後作ったのは大樹と道と本。
ここは庭である。
しかし、この辺りの地図上には載ってはいない庭、まあ、この辺りというのは海なので存在しない島扱いになってはいるのだけども。
そんな島である、島民達もわけありのもの達で、その島のいちばんえらい、まとめ役、創造主の一人、管理者は一匹のサメであった。
「よくある話だよ、面倒ごとが多くなっちゃったっていうやつですわ、押し付けられる事が滅茶苦茶増えていったんで、どうする?って相談して、じゃあ、呪いでサメにされましたってことにして、第二の人生始めようかって」
「その話は何度聞いてもおかしい話ですわね」
話し相手を勤めるのは、今は亡き国の姫巫女であり。
「失礼します」
とお茶を淹れてくれるは、そんな姫巫女を最後まで守ろうとしていた騎士である。
「しかし、こんなところに庭があるだなんて、今は海の上にありますから、島でしょうかね、あるとは思いませんわ」
「海の上にあったら、島ですよね、でも最初相談したときは庭で、こしらえた後に海の上にあったら島だよなって言われて」
あっ!そうだねと。
「魔法術方面も学んできたつもりですが、ここが島にしろ、庭にしろ、この規模を生み出せるとは思いませんよ」
これが全うに学んできた騎士の感想である。
「これでもずいぶん悩んだんですよね」
頭を悩ませたぐらいで、人が住めるような場所を創造するというのは普通はできない。
「名前が決まった辺りから、一気に上手くいったって感じですかね。
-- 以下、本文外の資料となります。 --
lemma integrable_moment:
  assumes "r < d"
  shows "integrable (Mf f) (\<lambda>y. exp (\<theta> y) * v y ^ k * exp (r * v y))"
proof (rule Bochner_Integration.integrable_bound)
  show "integrable (Mf f) (\<lambda>y. exp s * (y ^ k * exp (b * y)))"
    using integrable_Mf_power_exp[OF exp_integral_finite b_less] by simp
  show "(\<lambda>y. exp (\<theta> y) * v y ^ k * exp (r * v y)) \<in> borel_measurable (Mf f)"
    using \<theta>_measurable v_measurable by measurable
  show "AE y in Mf f. norm (exp (\<theta> y) * v y ^ k * exp (r * v y)) \<le> norm (exp s * (y ^ k * exp (b * y)))"
    using moment_integrand_le[OF _ assms] v_nonneg by (intro AE_I2) simp
qed

lemma integrable_moment_cong:
  assumes "r < d" "\<And>y. 0 \<le> y \<Longrightarrow> h y = exp (\<theta> y) * v y ^ k * exp (r * v y)"
  shows "integrable (Mf f) h"
proof -
  have "integrable (Mf f) h \<longleftrightarrow> integrable (Mf f) (\<lambda>y. exp (\<theta> y) * v y ^ k * exp (r * v y))"
    using assms(2) by (intro Bochner_Integration.integrable_cong) auto
  then show ?thesis
    using integrable_moment[OF assms(1)] by blast
qed

lemma moment_nonneg: "0 \<le> moment k r"
  unfolding moment_def by (rule Bochner_Integration.integral_nonneg) (simp add: v_nonneg)

lemma moment_le:
  assumes "r < d"
  shows "moment k r \<le> exp s * (\<integral>y. y ^ k * exp (b * y) \<partial>Mf f)"
proof -
  have "moment k r \<le> (\<integral>y. exp s * (y ^ k * exp (b * y)) \<partial>Mf f)"
    unfolding moment_def
  proof (rule integral_mono)
    show "integrable (Mf f) (\<lambda>y. exp s * (y ^ k * exp (b * y)))"
      using integrable_Mf_power_exp[OF exp_integral_finite b_less] by simp
  qed (use integrable_moment[OF assms] moment_integrand_le[OF _ assms] in simp_all)
  then show ?thesis
    by simp
qed

lemma has_real_derivative_moment:
  assumes "u < d"
  shows "(moment k has_real_derivative moment (Suc k) u) (at u)"
proof -
  have "((\<lambda>r. \<integral>y. (exp (\<theta> y) * v y ^ k) * exp (r * v y) \<partial>Mf f) has_real_derivative
      (\<integral>y. (exp (\<theta> y) * v y ^ k) * v y * exp (u * v y) \<partial>Mf f)) (at u)"
  proof (rule has_real_derivative_integral_mult_exp[of "u - 1"])
    show "integrable (Mf f) (\<lambda>y. exp (\<theta> y) * v y ^ k * exp (r * v y))" if "r < d" for r
      using integrable_moment[OF that] .
    show "integrable (Mf f) (\<lambda>y. exp (\<theta> y) * v y ^ k * v y * exp (u * v y))"
      using assms by (rule integrable_moment_cong[where k = "Suc k"]) (simp add: mult_ac)
    show "integrable (Mf f) (\<lambda>y. \<bar>exp (\<theta> y) * v y ^ k\<bar> * (v y)\<^sup>2 * exp (r * v y))" if "r < d" for r
      using that by (rule integrable_moment_cong[where k = "k + 2"])
        (simp add: v_nonneg power_add power2_eq_square mult_ac)
  qed (use assms v_nonneg in simp_all)
  moreover have "moment k = (\<lambda>r. \<integral>y. (exp (\<theta> y) * v y ^ k) * exp (r * v y) \<partial>Mf f)"
    by (simp add: fun_eq_iff moment_def)
  moreover have "moment (Suc k) u = (\<integral>y. (exp (\<theta> y) * v y ^ k) * v y * exp (u * v y) \<partial>Mf f)"
    by (simp add: moment_def mult_ac)
  ultimately show ?thesis
    by simp
qed

lemma Lfun_ray:
  assumes "r < d"
  shows "Lfun f xs (\<lambda>x. \<theta> x + r * v x) = ereal ((\<Sum>x\<leftarrow>xs. \<theta> x) / real (length xs)
           + r * ((\<Sum>x\<leftarrow>xs. v x) / real (length xs)) - moment 0 r + 1)"
proof -
  have "integrable (Mf f) (\<lambda>x. exp (\<theta> x + r * v x))"
    using assms by (rule integrable_moment_cong[where k = 0]) (simp add: exp_add)
  then show ?thesis
    by (simp add: Lfun_eq_integral moment_def exp_add sum_list_addf sum_list_const_mult add_divide_distrib)
qed

lemma ray_second_derivative_bounded:
  assumes "0 < d" "t < d"
  shows "\<exists>\<delta>>0. \<exists>g1 g2.
           (\<forall>u\<ge>0. \<bar>u - t\<bar> < \<delta> \<longrightarrow>
              Lfun f xs (\<lambda>x. \<theta> x + u * v x) - Lfun f xs \<theta> \<noteq> -\<infinity> \<and>
              ((\<lambda>r. real_of_ereal (Lfun f xs (\<lambda>x. \<theta> x + r * v x) - Lfun f xs \<theta>))
                 has_real_derivative g1 u) (at u within {0..})) \<and>
           (g1 has_real_derivative g2) (at t within {0..}) \<and>
           \<bar>g2\<bar> \<le> exp s * (\<integral>y. y\<^sup>2 * exp (b * y) \<partial>Mf f)"
proof -
  define A where "A = (\<Sum>x\<leftarrow>xs. v x) / real (length xs)"
  have g_eq: "Lfun f xs (\<lambda>x. \<theta> x + r * v x) - Lfun f xs \<theta> = ereal (r * A - moment 0 r + moment 0 0)"
    if "r < d" for r
    using Lfun_ray[OF that] Lfun_ray[OF assms(1)] by (simp add: A_def)
  have g_deriv: "((\<lambda>r. real_of_ereal (Lfun f xs (\<lambda>x. \<theta> x + r * v x) - Lfun f xs \<theta>))
                   has_real_derivative A - moment 1 u) (at u)" if "u < d" for u
  proof -
    have "((\<lambda>r. r * A - moment 0 r + moment 0 0) has_real_derivative A - moment 1 u) (at u)"
      using has_real_derivative_moment[OF that, of 0] by (auto intro!: derivative_eq_intros)
    then show ?thesis
      by (rule has_field_derivative_transform_within_open[where S = "{..<d}"]) (use that g_eq in auto)
  qed
  have "((\<lambda>u. A - moment 1 u) has_real_derivative - moment 2 t) (at t)"
    using has_real_derivative_moment[OF assms(2), of 1]
    by (auto intro!: derivative_eq_intros simp: numeral_2_eq_2)
  moreover have "\<bar>- moment 2 t\<bar> \<le> exp s * (\<integral>y. y\<^sup>2 * exp (b * y) \<partial>Mf f)"
    using moment_nonneg moment_le[OF \<open>t < d\<close>] by simp
  moreover have "u < d" if "\<bar>u - t\<bar> < d - t" for u
    using that by (simp add: abs_less_iff)
  ultimately show ?thesis
    using assms g_eq g_deriv
    by (intro exI[of _ "d - t"] exI[of _ "\<lambda>u. A - moment 1 u"] exI[of _ "- moment 2 t"] conjI allI impI)
      (auto intro: has_field_derivative_at_within)
qed
definition curvature_like :: "('a::real_vector) tensor4 \<Rightarrow> bool" where
  "curvature_like L \<longleftrightarrow> multilinear4 L \<and>
     (\<forall>x y z w. L x y z w = - L y x z w) \<and>
     (\<forall>x y z w. L x y z w = - L x y w z) \<and>
     (\<forall>x y z w. L x y z w + L y z x w + L z x y w = 0)"

definition riemannian_P_tensor :: "('a \<Rightarrow> 'a) \<Rightarrow> ('a::real_vector) tensor4 \<Rightarrow> bool" where
  "riemannian_P_tensor P L \<longleftrightarrow> curvature_like L \<and>
     (\<forall>x y z w. L x y (P z) (P w) = L x y z w)"

definition psi1 :: "('a::real_inner) tensor2 \<Rightarrow> 'a tensor4" where
  "psi1 S x y z w = inner y z * S x w - inner x z * S y w + S y z * inner x w - S x z * inner y w"

definition psi2 :: "('a \<Rightarrow> 'a) \<Rightarrow> ('a::real_inner) tensor2 \<Rightarrow> 'a tensor4" where
  "psi2 P S x y z w = psi1 S x y (P z) (P w)"

definition gtilde :: "('a \<Rightarrow> 'a) \<Rightarrow> ('a::real_inner) tensor2" where
  "gtilde P x y = inner x (P y)"

definition pi1 :: "('a::real_inner) tensor4" where
  "pi1 x y z w = (1/2) * psi1 inner x y z w"

definition pi2 :: "('a \<Rightarrow> 'a) \<Rightarrow> ('a::real_inner) tensor4" where
  "pi2 P x y z w = (1/2) * psi2 P inner x y z w"
(* Let $g(x)=\dfrac{1}{1-\cos(x)}$ for $x\in(0,2\pi)$. (i) Let $n\ge0$ be an even integer. For all $x,y>0$ with $x+y\le\pi$, $$\lambda_n\le g^{(n)}(x)+g^{(n)}(y)-g^{(n)}(x+y),\qquad \lambda_n=\frac{2}{n+2}\,(2^{n+2}-1)^2\,|B_{n+2}|,$$ and $\lambda_n$ is the best possible lower bound (i.e., the largest constant, depending only on $n$, for which the inequality holds for all such $x,y$). (ii) Let $n\ge1$ be an odd integer. For all $x,y>0$ with $x+y\le\pi$, $$\mu_n\le g^{(n)}(x+y)-g^{(n)}(x)-g^{(n)}(y),\qquad \mu_n=2\,|E_{n+1}|,$$ and $\mu_n$ is the best possible lower bound (i.e., the largest constant, depending only on $n$, for which the inequality holds for all such $x,y$).
   Context: $B_m$ denotes the $m$-th Bernoulli number (defined by $\frac{t}{e^t-1}=\sum_{m\ge0}B_m\frac{t^m}{m!}$) and $E_m$ denotes the $m$-th Euler number (defined by $\frac{1}{\cosh t}=\sum_{m\ge0}E_m\frac{t^m}{m!}$). *)

theory Defs
  imports "HOL-Analysis.Analysis" "HOL-Computational_Algebra.Formal_Power_Series"
begin

definition bernoulli_num :: "nat \<Rightarrow> real" where
  "bernoulli_num m = fact m * fps_nth (fps_X / (fps_exp 1 - 1)) m"

definition fps_cosh_real :: "real fps" where
  "fps_cosh_real = fps_const (1/2) * (fps_exp 1 + fps_exp (-1))"

definition euler_num :: "nat \<Rightarrow> real" where
  "euler_num m = fact m * fps_nth (inverse fps_cosh_real) m"

definition g_fun :: "real \<Rightarrow> real" where
  "g_fun x = 1 / (1 - cos x)"

end

theory Submission
  imports Defs "HOL-Computational_Algebra.Polynomial"
begin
」
そんなノリで、簡単に何かが大規模なものが生み出されたら、この世はもっと滅茶苦茶になるはずだろう。
「八千代の庭というお名前はどこから来たんですか?」
「長く続いたらいいかなって、植物と関わると人の時間感覚ではなくなるということは、最初は気づきませんでしたがね」
話の中心にいるこのサメは、一メートルぐらい。始めてみる人たちだとぬいぐるみなど、作り物に間違われる。
知り合いに「サメ子ちゃんのモチ肌!」と言われたら、「なんですって!」とぶちギレて、あっ、これは本当にヤバイことになると、相手を慌てさせたが許さない。
未だに許してない心の狭さを持ち合わせている。
「サメになった利点もあるんですよ」
「何でしょ?」
「風邪を前よりひきにくくなった」
「まあ、それはいいですわね」
この二人の会話はいつもこのような感じなので、そこは騎士には気にはならないが、彼が気になるのはサメが身に付けているシャツの字である『サから始まって、メで終わるもの』であった。
なお、その言葉は彼には読めないがサメが常人では理解できない何かをする際の陣にも刻まれている。
登場人物の紹介
・サメ
元人(女)、様々な植物が生息する八千代の庭の想像主の一人にして、管理者。
・姫巫女
結構大きい城に生まれたが、戦火で故郷を失い、逃亡生活を数年続け、共にあるものが騎士一人になりながらも絶望と戦うことにした。
・騎士
文武両道の人格者、そのために戦の際に姫巫女を任されるが、その逃亡生活で体に無理がたたってき始めていた。
それでも…今日の暖を取るための薪を求め、森の中に入っていくと、森の奥で八千代の庭の創造主達が肉を焼いていて、その旨そうな匂いで彼らと出合い、食事を分けてもらう。
楽しい時間はあっという間にすぎ、「これからどうするんですか?」と創造主達の誰かが聞いた。
たぶんあれはサメ(その時は人の姿していたし、女性は彼女だけだ)
「行くところはありませんから、このまま今日は野宿でしょう」と答えると。
「こんなところで野宿するものではありませんよ」
「じゃ、俺のところに来るか?」
「あなたのところとなると、他の人への説明が大変になりますが」
なんだっけかな、森には神がいて、そんな話を読んだことが子供の頃あったな、これはそれなんだろうなどと、どこか他人事のような目でその場はいたのだが。
「お二人とも」
眠そうな目をしたサメがそこにはいた。
「こちらへどうぞ」
大木の隙間にそういってサメが入っていき、ついていく。歩いていくとそれは細かく複雑な陣が作った道であることがわかった。
大木も道も、庭に向かうためのものであり、二人は招かれ、今は平穏な生活をしている。